======== Input

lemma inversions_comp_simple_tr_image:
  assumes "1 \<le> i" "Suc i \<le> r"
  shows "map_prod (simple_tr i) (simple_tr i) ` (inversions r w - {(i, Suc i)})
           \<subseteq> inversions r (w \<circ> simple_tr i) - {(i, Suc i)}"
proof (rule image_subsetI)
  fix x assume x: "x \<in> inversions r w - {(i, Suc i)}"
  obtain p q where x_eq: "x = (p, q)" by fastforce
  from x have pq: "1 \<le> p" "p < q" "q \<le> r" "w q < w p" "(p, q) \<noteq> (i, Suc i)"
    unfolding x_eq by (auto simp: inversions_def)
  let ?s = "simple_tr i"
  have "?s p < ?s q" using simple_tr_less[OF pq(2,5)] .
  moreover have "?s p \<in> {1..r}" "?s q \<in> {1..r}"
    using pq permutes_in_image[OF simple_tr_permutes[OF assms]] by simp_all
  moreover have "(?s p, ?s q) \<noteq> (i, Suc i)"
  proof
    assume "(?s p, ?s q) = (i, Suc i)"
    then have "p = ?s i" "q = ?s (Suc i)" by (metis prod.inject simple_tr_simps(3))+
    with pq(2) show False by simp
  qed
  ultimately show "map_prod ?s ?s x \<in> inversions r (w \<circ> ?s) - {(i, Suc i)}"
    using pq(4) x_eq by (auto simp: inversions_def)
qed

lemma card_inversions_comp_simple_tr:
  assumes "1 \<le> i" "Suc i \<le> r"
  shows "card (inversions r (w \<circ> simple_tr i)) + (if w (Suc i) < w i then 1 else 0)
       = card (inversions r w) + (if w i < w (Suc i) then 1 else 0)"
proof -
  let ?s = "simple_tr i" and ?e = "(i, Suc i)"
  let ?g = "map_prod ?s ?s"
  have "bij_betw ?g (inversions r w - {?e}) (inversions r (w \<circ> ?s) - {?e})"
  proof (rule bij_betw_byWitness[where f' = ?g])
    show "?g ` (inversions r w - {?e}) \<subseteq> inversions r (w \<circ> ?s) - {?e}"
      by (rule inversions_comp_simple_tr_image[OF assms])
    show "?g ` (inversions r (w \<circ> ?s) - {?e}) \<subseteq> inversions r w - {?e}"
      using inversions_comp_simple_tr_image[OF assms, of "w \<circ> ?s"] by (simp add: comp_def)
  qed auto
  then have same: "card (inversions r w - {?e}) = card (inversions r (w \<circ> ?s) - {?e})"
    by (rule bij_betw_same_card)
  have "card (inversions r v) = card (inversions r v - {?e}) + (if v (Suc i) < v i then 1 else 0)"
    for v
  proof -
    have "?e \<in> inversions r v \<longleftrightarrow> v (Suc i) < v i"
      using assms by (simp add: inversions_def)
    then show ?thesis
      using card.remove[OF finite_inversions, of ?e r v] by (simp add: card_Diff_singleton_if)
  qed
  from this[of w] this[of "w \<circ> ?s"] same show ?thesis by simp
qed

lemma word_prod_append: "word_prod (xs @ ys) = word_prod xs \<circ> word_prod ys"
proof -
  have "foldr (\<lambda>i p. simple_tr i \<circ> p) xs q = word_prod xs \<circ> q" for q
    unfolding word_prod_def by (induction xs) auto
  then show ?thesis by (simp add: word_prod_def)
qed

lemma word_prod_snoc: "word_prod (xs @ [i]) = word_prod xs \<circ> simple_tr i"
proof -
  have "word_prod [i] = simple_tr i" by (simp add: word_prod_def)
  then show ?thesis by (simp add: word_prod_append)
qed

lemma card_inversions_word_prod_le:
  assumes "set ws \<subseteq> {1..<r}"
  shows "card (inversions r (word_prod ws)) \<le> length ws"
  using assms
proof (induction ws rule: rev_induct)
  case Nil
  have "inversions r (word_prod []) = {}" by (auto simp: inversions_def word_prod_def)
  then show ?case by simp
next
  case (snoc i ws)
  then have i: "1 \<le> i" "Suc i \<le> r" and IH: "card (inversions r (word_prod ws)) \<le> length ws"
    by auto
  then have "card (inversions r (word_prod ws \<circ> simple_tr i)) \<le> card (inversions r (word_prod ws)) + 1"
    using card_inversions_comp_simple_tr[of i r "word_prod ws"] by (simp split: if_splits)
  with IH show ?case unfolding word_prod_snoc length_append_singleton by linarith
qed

================

◆ Work item
Work out how many lines in the data contain "thesis" and state that number with nothing added.

◆ Response to this exercise
4